Bruce Northleigh Carter AM (born 1939 Sydney) is an Australian educator who was headmaster of Scotch Oakburn College and Cranbrook before becoming headmaster of the Emanuel School in 2001. He retired in late 2010 and was replaced by Anne Hastings.

==Education==

Carter was educated at the Knox Grammar School, where he excelled in sports and was awarded with school colours in Cricket and Rugby Union and had been a member of the 1st IV Tennis team. He began teaching as an 18-year-old in his first year of tertiary studies at University of Sydney. He graduated with a Bachelor of Arts in English and continued to play cricket in Sydney. He was awarded a scholarship to study overseas where he obtained his Master of Education from Harvard University and his Doctorate in Education from the University of Toronto. The area of his Doctorate was the history and philosophy of education.

==Outline of career==
While studying, Carter had teaching experience at the Knox Grammar School, Newington College and The King's School. In 1970 he was invited to return to the Knox Grammar School to oversee the creation and development of a new senior boarding house. In 1971 he was appointed Deputy Headmaster.

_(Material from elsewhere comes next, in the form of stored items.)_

lemma measurable_deriv_R [measurable]: "deriv (R r) \<in> borel_measurable borel"
proof -
  have "vector_derivative (R r) (at x) = deriv (R r) x" for x
    using has_real_derivative_R[of r x]
    by (simp add: has_real_derivative_iff_has_vector_derivative vector_derivative_at)
  then have "continuous_on UNIV (deriv (R r))"
    using C1_R[of r] unfolding C1_differentiable_on_eq by simp
  then show ?thesis
    by (rule borel_measurable_continuous_onI)
qed

lemma tendsto_R: "(\<lambda>r. R r x) \<longlonglongrightarrow> max x 0" and tendsto_deriv_R: "(\<lambda>r. deriv (R r) x) \<longlonglongrightarrow> indicator {0<..} x"
  by (rule LIM_zero_cancel, rule Lim_null_comparison[OF _ R_tendsto_relu[of x]], simp)+

text \<open>Pointwise convergence bounds \<open>R r 0\<close>, and the mean value theorem does the rest.\<close>
lemma R_uniformly_bounded: "\<exists>C. \<forall>r z. \<bar>z\<bar> \<le> U \<longrightarrow> \<bar>R r z\<bar> \<le> C \<and> \<bar>deriv (R r) z\<bar> \<le> C"
proof -
  obtain C where C: "\<And>r y. y \<in> {-\<bar>U\<bar>..\<bar>U\<bar>} \<Longrightarrow> \<bar>deriv (R r) y\<bar> \<le> C"
    using deriv_R_bounded[of U] by blast
  obtain K where K: "\<And>r. \<bar>R r 0\<bar> \<le> K"
    using convergent_imp_Bseq[OF convergentI[OF tendsto_R[of 0]]] unfolding Bseq_def by auto
  have R_bound: "\<bar>R r z\<bar> \<le> K + C * \<bar>U\<bar>" if z: "\<bar>z\<bar> \<le> U" for r z
  proof -
    have "norm (R r z - R r 0) \<le> C * norm (z - 0)"
      using z C has_real_derivative_R
      by (intro field_differentiable_bound[where S="{-\<bar>U\<bar>..\<bar>U\<bar>}" and f'="deriv (R r)"])
        (auto intro: has_field_derivative_at_within)
    moreover have "0 \<le> C"
      using C[of 0 r] by simp
    then have "C * \<bar>z\<bar> \<le> C * \<bar>U\<bar>"
      using z by (intro mult_left_mono) auto
    ultimately show ?thesis
      using K[of r] by simp
  qed
  show ?thesis
  proof (intro exI allI impI conjI)
    fix r z assume z: "\<bar>z\<bar> \<le> U"
    show "\<bar>R r z\<bar> \<le> max (K + C * \<bar>U\<bar>) C"
      using R_bound[OF z] by (simp add: le_max_iff_disj)
    show "\<bar>deriv (R r) z\<bar> \<le> max (K + C * \<bar>U\<bar>) C"
      using C[of z r] z by (simp add: abs_le_iff le_max_iff_disj)
  qed
qed

lemma R_realization_bounded_near:
  "\<exists>K. \<forall>r s y. \<bar>s\<bar> \<le> 1 \<longrightarrow> y \<in> space \<mu> \<longrightarrow>
    \<bar>f y - realization d H (R r) (\<theta>(k := \<theta> k + s)) y\<bar> \<le> K \<and>
    \<bar>realization_partial d H (R r) (deriv (R r)) (\<theta>(k := \<theta> k + s)) k y\<bar> \<le> K"
proof -
  obtain K where K: "\<forall>r \<theta>' k. \<forall>y\<in>space \<mu>. (\<forall>m\<in>{1..pdim d H}. \<bar>\<theta>' m\<bar> \<le> 1 + (\<Sum>m = 1..pdim d H. \<bar>\<theta> m\<bar>)) \<longrightarrow>
      \<bar>f y\<bar> \<le> K \<and> \<bar>realization d H (R r) \<theta>' y\<bar> \<le> K \<and>
      \<bar>realization_partial d H (R r) (deriv (R r)) \<theta>' k y\<bar> \<le> K"
    using realization_bounded[OF R_uniformly_bounded] by blast
  show ?thesis
  proof (intro exI allI impI conjI)
    fix r :: nat and s :: real and y assume "\<bar>s\<bar> \<le> 1" "y \<in> space \<mu>"
    then have "\<bar>f y\<bar> \<le> K \<and> \<bar>realization d H (R r) (\<theta>(k := \<theta> k + s)) y\<bar> \<le> K \<and>
        \<bar>realization_partial d H (R r) (deriv (R r)) (\<theta>(k := \<theta> k + s)) k y\<bar> \<le> K"
      using K abs_update_le_sum_abs by blast
    then show "\<bar>f y - realization d H (R r) (\<theta>(k := \<theta> k + s)) y\<bar> \<le> 2 * K"
      "\<bar>realization_partial d H (R r) (deriv (R r)) (\<theta>(k := \<theta> k + s)) k y\<bar> \<le> 2 * K"
      by linarith+
  qed
qed

definition LLr_gradient :: "nat \<Rightarrow> (nat \<Rightarrow> real) \<Rightarrow> nat \<Rightarrow> real" where
  "LLr_gradient r \<theta> k = (\<integral>y. 2 * (f y - realization d H (R r) \<theta> y)
     * - realization_partial d H (R r) (deriv (R r)) \<theta> k y \<partial>\<mu>)"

In 1978 he became the first principal of the amalgamated coeducational Scotch Oakburn College in Launceston. In mid 1985 he was appointed Headmaster of Cranbrook, a position he held for sixteen years. In 2001 Carter was appointed as the principal of the Emanuel School Retiring from Emanuel School in the end of 2010 he was replaced by Anne Hastings.

Carter is married with two children.